Да, в глобальном плане (в смысле, в глобальном плане моей маленькой жизни) сейчас мне полегче. Один мудрый человек (что не мешало ему при этом быть мелким паскудником) лет пятнадцать тому назад сказал мне, что будет полегче, «когда дети вырастут», так он сказал. Да, да, дети выросли, дети подняты, дети теперь живут самостоятельно, и мне действительно полегче. Да, множество левых работ на износ, стоивших мне, в конечно-бесконечном итоге, попадания в больницу и прочей неприятной хроники (не будем говорить о здоровье), позволили мне закрыть самые одиозные из кредитов. Да, теперь к опостылевшему меню «щи да каша» я могу по пятницам прибавить бутылку красного за пятьсот рублей.
Но всё равно это неправильная, мучительная жизнь вечно в долгу. «Жизнь в рассрочку», «жизнь в кредит», как говорили советские спецпропагандисты, критикуя штатовский ипотечный рай.
Жизнь в долгах как в шелках. Вот как это называется, Шарлотта.
Ладно, чёрт с ними, с долгами, с кредитами, из них, может, и выкручусь постепенно. Возьму ещё переводов каких-нибудь, редактуры какой-нибудь, или, может, подряжусь на «негритянскую» литературную подёнщину, как на заре второго брака своего, столь же неутешительного, как первый, или, может, ещё что-нибудь подкинет чорасози бечорагон, как всегда подкидывает… С этими-то долгами, финансовыми, осязаемыми даже в своей безналичности, висящими стопудовыми гирями, с ними-то как-раз проще всего. Подрядился, заработал, отдал. До следующего провала.
А ведь есть ещё дедлайны. Мука адова пишущего человека. Хуже денежных долгов во сто крат.
У каждой работы теперь есть дедлайн, срок исполнения. Под иные письменные договора составляют, иные устно устанавливаются. И ты мечешься как идиот среди этих дедлайнов и не знаешь, что в первую очередь делать. То ли научную, так её, работу, которая тебе научных, так сказать, баллов принесёт, чтобы со службы не выгнали, то ли платную какую-нибудь, которая поможет чуток ослабить кредитное бремя, то ли ту, что для очистки совести нужно сделать, то ли ту, что для себя…

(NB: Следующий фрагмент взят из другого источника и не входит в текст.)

(* Let $d=r=1$, assume (A1), and let $(\rho_n,h_n,\varepsilon_n)$ be positive numbers tending to $0$ with $T/h_n$ integers. Then there exists $c>0$ such that, for all $n$ large enough, all $\mu\in C([0,T];\mathcal{P}_1(\mathbb{R}))$, all $i,j\in\mathbb{Z}$ and all $k=0,\dots,N_n-1$ (with $N_n=T/h_n$): $\min\big\{|\Phi^{+}_{i,k}[\mu]-\Phi^{+}_{j,k}[\mu]|^2,\ |\Phi^{-}_{i,k}[\mu]-\Phi^{-}_{j,k}[\mu]|^2\big\}\ge(1-ch_n)|x_i-x_j|^2$, and consequently $\frac12\sum_{j\in\mathbb{Z}}\big[\beta_i(\Phi^{+}_{j,k}[\mu])+\beta_i(\Phi^{-}_{j,k}[\mu])\big]\le1+ch_n$ for all $i\in\mathbb{Z}$, $k=0,\dots,N_n-1$, where all objects are computed with parameters $(\rho,h,\varepsilon)=(\rho_n,h_n,\varepsilon_n)$.
   Context: $\mathcal{P}_1(\mathbb{R})$: probability measures with finite first moment, 1-Wasserstein distance. Assumption (A1) (for $d=r=1$): $F,G:\mathbb{R}\times\mathcal{P}_1\to\mathbb{R}$ uniformly bounded, $F(\cdot,m),G(\cdot,m)\in C^2$ with first and second derivatives bounded uniformly in $x,m$; $\sigma:[0,T]\to\mathbb{R}$ continuous; $m_0$ absolutely continuous with bounded compactly supported density. Grid $x_i=i\rho$, $t_k=kh$; $\beta_i$ is the piecewise affine hat function with $\beta_i(x_j)=\delta_{ij}$; $I[f]=\sum_if_i\beta_i$. Discrete HJB: $v_{i,N}=G(x_i,\mu(T))$, $v_{i,k}=\inf_{\alpha\in\mathbb{R}}\big[\frac12(I[v_{\cdot,k+1}](x_i-h\alpha+\sqrt h\sigma(t_k))+I[v_{\cdot,k+1}](x_i-h\alpha-\sqrt h\sigma(t_k)))+\frac12h\alpha^2+hF(x_i,\mu(t_k))\big]$; $v_{\rho,h}[\mu](x,t)=I[v_{\cdot,[t/h]}](x)$; $v^\varepsilon_{\rho,h}[\mu](\cdot,t)=\phi_\varepsilon*v_{\rho,h}[\mu](\cdot,t)$ with $\phi_\varepsilon=\varepsilon^{-1}\phi(\cdot/\varepsilon)$ for a fixed $\phi\in C_c^\infty(\mathbb{R})$, $\phi\ge0$, $\int\phi=1$. $\Phi^{\pm}_{i,k}[\mu]=x_i-h\,Dv^\varepsilon_{\rho,h}[\mu](x_i,t_k)\pm\sqrt h\,\sigma(t_k)$. *)

theory Defs
  imports "HOL-Analysis.Analysis" "HOL-Probability.Probability"
begin

definition P1 :: "real measure \<Rightarrow> bool" where
  "P1 m \<longleftrightarrow> prob_space m \<and> sets m = sets borel \<and> integrable m (\<lambda>x. \<bar>x\<bar>)"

Заказали мне тут статью одну. Не за деньги, просто так попросили. Позвонил один человек, потом пришёл даже ко мне на службу, уговаривать, — интеллигентный, вежливый, к тому же убелённый сединами, отказать нельзя. Да ещё и сослался на учителя моего покойного, мол, работали вместе, мол, уважаю я его чрезвычайно, помогите ради памяти учителя, напишите такую-то статью.
К такому-то дню, месяцу, году — числу на календаре.
И вот я эту работу не сделала до сих пор.
Так и не сделала.
Он мне пишет и пишет уже третий год, раз в полгода. Уж и сей двадцатый год наступил, и карантин, и прочее, а я ещё не написала ни строчки.
Не моя тема, не могу, не лежит моя подлая душа.
Или — потому что не халтура, не левый заработок, не работа?
И это не первый случай у меня такой, бесконечного срыва дедлайнов, ступора мозга, ступора воли, ступора сил, ступора совести. Нет бы, взять и написать, просто взять и написать, чтобы не мучиться. Но я не могу, просто не могу, и висит гирей. И таких просроченных работ уже — накопилось изрядно. Обещанные статьи, обещанные рецензии, обещанные книги. Я несчастный человек, ужасный человек, который даёт и даёт обещания, зная, что не сможет их выполнить.
Честно говоря, я думаю, что это просто усталость. Это что-то из области сопромата. Что-то во мне сопротивляется бесконечному давлению извне и хочет сдаться. Хочет лопнуть, может быть, и остановиться.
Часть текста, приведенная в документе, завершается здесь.